Jeremy Woo: Celtics. You hear the word "assets" thrown around a lot when it comes to the Celtics, but it’s past the point of being the party line. In terms of sheer wealth of talent, plus the other draft picks they still have coming, Boston is in pretty damn good shape. Seeing Jayson Tatum, Jaylen Brown, Terry Rozier and Marcus Smart all shine in the playoffs is a testament to Boston’s long term team-building, and when you factor in Brad Stevens and the absence of Kyrie Irving and Gordon Hayward, it’s hard to feel too negative. The truth of pro sports is that young teams don’t stay young for long, whether they become too hard to pay in totality, deal with injuries or begin to come apart from the inside. No team is in better position to cash in and make a deal for another star (which could get scary fast), but sitting back and letting things play out is a scenario most teams would envy as well.  Boston has so many attractive parts that whether or not they win big with this group over the next couple seasons, you can feel comfortable assuming the next few iterations of the roster will make just as much sense. It’s a great problem to have.

Jarrel Harris: Celtics. The Celtics have everything you could want in an up–and–coming team.

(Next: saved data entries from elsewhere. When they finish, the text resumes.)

(* Let $\mathcal{E}$ be a finite-dimensional Euclidean space, $e\in\mathcal{E}$ nonzero, and let $C$ be a compact convex set contained in the hyperplane $H=\{x\in\mathcal{E}: \langle e,x\rangle=1\}$. If $C$ is amenable, then its conic hull $\mathcal{K}=\operatorname{cone}C=\{\lambda x: x\in C,\lambda\ge0\}$ is also amenable.
   Context: A face of a closed convex set $C$ is a closed convex subset $F\subseteq C$ such that whenever $x,y\in C$ and $\alpha x+(1-\alpha)y\in F$ for some $\alpha\in(0,1)$, then $x,y\in F$. A face $F$ of a closed convex set $C$ is amenable if for every bounded set $B$ there exists $\kappa>0$ such that $\operatorname{dist}(x,F)\le\kappa\operatorname{dist}(x,C)$ for all $x\in(\operatorname{aff}F)\cap B$; $C$ is amenable if all its faces are amenable. For a closed convex cone $\mathcal{K}$ this is equivalent to: for every face $\mathcal{F}$ there is $\kappa>0$ with $\operatorname{dist}(x,\mathcal{F})\le\kappa\operatorname{dist}(x,\mathcal{K})$ for all $x\in\operatorname{span}\mathcal{F}$. *)

theory Defs
  imports "HOL-Analysis.Analysis"
begin

text \<open>The library notion face_of captures everything except closedness, which we add.\<close>
definition is_face :: "'a::euclidean_space set \<Rightarrow> 'a set \<Rightarrow> bool" where
  "is_face F C \<longleftrightarrow> closed F \<and> convex F \<and> F \<subseteq> C \<and>
     (\<forall>x\<in>C. \<forall>y\<in>C. \<forall>\<alpha>::real. 0 < \<alpha> \<and> \<alpha> < 1 \<and> \<alpha> *\<^sub>R x + (1 - \<alpha>) *\<^sub>R y \<in> F
        \<longrightarrow> x \<in> F \<and> y \<in> F)"

definition amenable_face :: "'a::euclidean_space set \<Rightarrow> 'a set \<Rightarrow> bool" where
  "amenable_face F C \<longleftrightarrow>
     (\<forall>B. bounded B \<longrightarrow>
        (\<exists>\<kappa>>0. \<forall>x \<in> affine hull F \<inter> B. infdist x F \<le> \<kappa> * infdist x C))"

definition amenable :: "'a::euclidean_space set \<Rightarrow> bool" where
  "amenable C \<longleftrightarrow> (\<forall>F. is_face F C \<longrightarrow> amenable_face F C)"

definition conic_hull :: "'a::real_vector set \<Rightarrow> 'a set" where
  "conic_hull C = {t *\<^sub>R x | t x. x \<in> C \<and> (0::real) \<le> t}"

end

theory Submission
  imports Defs
begin

text \<open>
  A face \<open>F \<noteq> {0}\<close> of \<open>K = cone C\<close> is itself a cone, namely the cone over the face \<open>G = F \<inter> C\<close>
  of \<open>C\<close>. Take \<open>x\<close> in the span of \<open>F\<close> and let \<open>t = \<langle>e, x\<rangle>\<close>. If \<open>2 M t \<le> |x|\<close>, where \<open>M\<close> bounds
  the norms in \<open>C\<close>, then \<open>x\<close> is at distance of order \<open>|x|\<close> from \<open>K\<close>, while \<open>0 \<in> F\<close> is at
  distance \<open>|x|\<close>. Otherwise \<open>t > 0\<close> and \<open>z = x / t\<close> lies in the affine hull of \<open>G\<close> and in the
  ball of radius \<open>2 M\<close>, so amenability of \<open>G\<close> bounds \<open>dist(z, G)\<close> by \<open>dist(z, C)\<close>. On the
  hyperplane, \<open>dist(z, C)\<close> is in turn bounded by \<open>dist(z, K)\<close> because \<open>C\<close> is bounded, and
  distances to cones are positively homogeneous, which carries the estimate from \<open>z\<close> back to \<open>x\<close>.
\<close>

lemma le_infdistI:
  assumes "A \<noteq> {}" "\<And>y. y \<in> A \<Longrightarrow> d \<le> dist x y"
  shows "d \<le> infdist x A"
  using assms by (simp add: infdist_notempty cINF_greatest)

lemma infdist_scaleR_conic:
  fixes K :: "'a::real_normed_vector set"
  assumes "conic K" "0 < t"
  shows "infdist (t *\<^sub>R x) K = t * infdist x K"
proof (cases "K = {}")
  case False
  have scale_le: "s * infdist y K \<le> infdist (s *\<^sub>R y) K" if "0 < s" for s y
  proof -
    have "s * infdist y K \<le> dist (s *\<^sub>R y) k" if "k \<in> K" for k
    proof -
      have "s * infdist y K \<le> s * dist y ((1 / s) *\<^sub>R k)"
        using conicD[OF \<open>conic K\<close> \<open>k \<in> K\<close>] \<open>0 < s\<close> by (simp add: infdist_le)
      also have "\<dots> = norm (s *\<^sub>R (y - (1 / s) *\<^sub>R k))"
        using \<open>0 < s\<close> by (simp add: dist_norm)
      also have "\<dots> = dist (s *\<^sub>R y) k"
        using \<open>0 < s\<close> by (simp add: dist_norm scaleR_diff_right)
      finally show ?thesis .
    qed
    then show ?thesis
      using False by (intro le_infdistI)
  qed
  have "infdist (t *\<^sub>R x) K \<le> t * infdist x K"
    using scale_le[of "1 / t" "t *\<^sub>R x"] \<open>0 < t\<close> by (simp add: divide_simps mult.commute)
  with scale_le[OF \<open>0 < t\<close>, of x] show ?thesis by linarith
qed (simp add: infdist_def)

lemma conic_hull_eq_hull: "conic_hull C = conic hull C"
  by (auto simp: conic_hull_def conic_hull_explicit)

lemma is_face_iff_closed_face_of: "is_face F C \<longleftrightarrow> closed F \<and> F face_of C"
proof -
  have "(\<forall>x\<in>C. \<forall>y\<in>C. \<forall>\<alpha>::real. 0 < \<alpha> \<and> \<alpha> < 1 \<and> \<alpha> *\<^sub>R x + (1 - \<alpha>) *\<^sub>R y \<in> F \<longrightarrow> x \<in> F \<and> y \<in> F)
      \<longleftrightarrow> (\<forall>a\<in>C. \<forall>b\<in>C. \<forall>x\<in>F. x \<in> open_segment a b \<longrightarrow> a \<in> F \<and> b \<in> F)"
    (is "?combination \<longleftrightarrow> ?segment")
  proof
    assume ?combination
    show ?segment
    proof (intro ballI impI)
      fix a b x assume "a \<in> C" "b \<in> C" "x \<in> F" "x \<in> open_segment a b"
      then obtain u where "0 < u" "u < 1" "x = (1 - u) *\<^sub>R a + u *\<^sub>R b"
        by (auto simp: in_segment)
      with \<open>x \<in> F\<close> have "0 < 1 - u \<and> 1 - u < 1 \<and> (1 - u) *\<^sub>R a + (1 - (1 - u)) *\<^sub>R b \<in> F"
        by simp
      with \<open>?combination\<close> \<open>a \<in> C\<close> \<open>b \<in> C\<close> show "a \<in> F \<and> b \<in> F"
        by blast
    qed
  next
    assume ?segment
    show ?combination
    proof (intro ballI allI impI)
      fix x y and \<alpha> :: real
      assume "x \<in> C" "y \<in> C" and \<alpha>: "0 < \<alpha> \<and> \<alpha> < 1 \<and> \<alpha> *\<^sub>R x + (1 - \<alpha>) *\<^sub>R y \<in> F"
      show "x \<in> F \<and> y \<in> F"
      proof (cases "x = y")
        case True
        with \<alpha> show ?thesis by (simp flip: scaleR_add_left)
      next
        case False
        with \<alpha> have "\<alpha> *\<^sub>R x + (1 - \<alpha>) *\<^sub>R y \<in> open_segment x y"
          by (auto simp: in_segment intro!: exI[of _ "1 - \<alpha>"])
        with \<open>?segment\<close> \<open>x \<in> C\<close> \<open>y \<in> C\<close> \<alpha> show ?thesis by blast
      qed
    qed
  qed
  then show ?thesis
    unfolding is_face_def face_of_def by blast
qed

lemma face_of_conic_hull_eq_conic_hull_Int:
  assumes F: "F face_of conic hull C" and nonzero: "\<not> F \<subseteq> {0}"
  shows "F = conic hull (F \<inter> C)"
proof
  have "conic F"
    using face_of_conic[OF conic_conic_hull F] .
  then show "conic hull (F \<inter> C) \<subseteq> F"
    by (simp add: hull_minimal)
  have scaled_in_hull: "w \<in> conic hull (F \<inter> C)" if "w \<in> F" "w \<noteq> 0" for w
  proof -
    obtain s c where w: "w = s *\<^sub>R c" "0 \<le> s" "c \<in> C"
      using \<open>w \<in> F\<close> face_of_imp_subset[OF F] by (auto simp: conic_hull_explicit)
    with \<open>w \<noteq> 0\<close> have "s > 0" by auto
    with w conicD[OF \<open>conic F\<close> \<open>w \<in> F\<close>, of "1 / s"] have "c \<in> F"
      by simp
    with w show ?thesis
      by (auto simp: conic_hull_explicit)
  qed
  with nonzero have "0 \<in> conic hull (F \<inter> C)"
    by (metis conic_hull_contains_0 conic_hull_eq_empty empty_iff insertI1 subsetI)
  with scaled_in_hull show "F \<subseteq> conic hull (F \<inter> C)"
    by blast
qed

They have a great head coach in Brad Stevens, a phenomenal front office led by Danny Ainge and a young talented core that doesn't really hurt the bank (yet). And they also have draft picks! What more can you ask for? They are without their two best players, Kyrie Irving and Gordon Hayward, yet still are on the brink of an Eastern Conference finals date with LeBron James and the Cavaliers. What other team could reach the conference finals without their two best players? Jayson Tatum and Jaylen Brown have star potential and Al Horford has been everything needed in a veteran All-Star. Terry Rozier's emergence couldn't have come at a better time and Marcus Smart is a rock on defense. The 76ers have Ben Simmons and Joel Embiid, who are both generational talents, but Embiid's injury history and Simmons's non-existing jumpshot are pretty scary. That said, it all comes down to the front offices. The 76ers will have success, but I have more faith in Ainge than I do Bryan Colangelo, who botched the Markelle Fultz injury situation and mishandled the Jahlil Okafor trade. The Celtics are an Anthony Davis trade away from being downright terrifying over the next 5–10 years.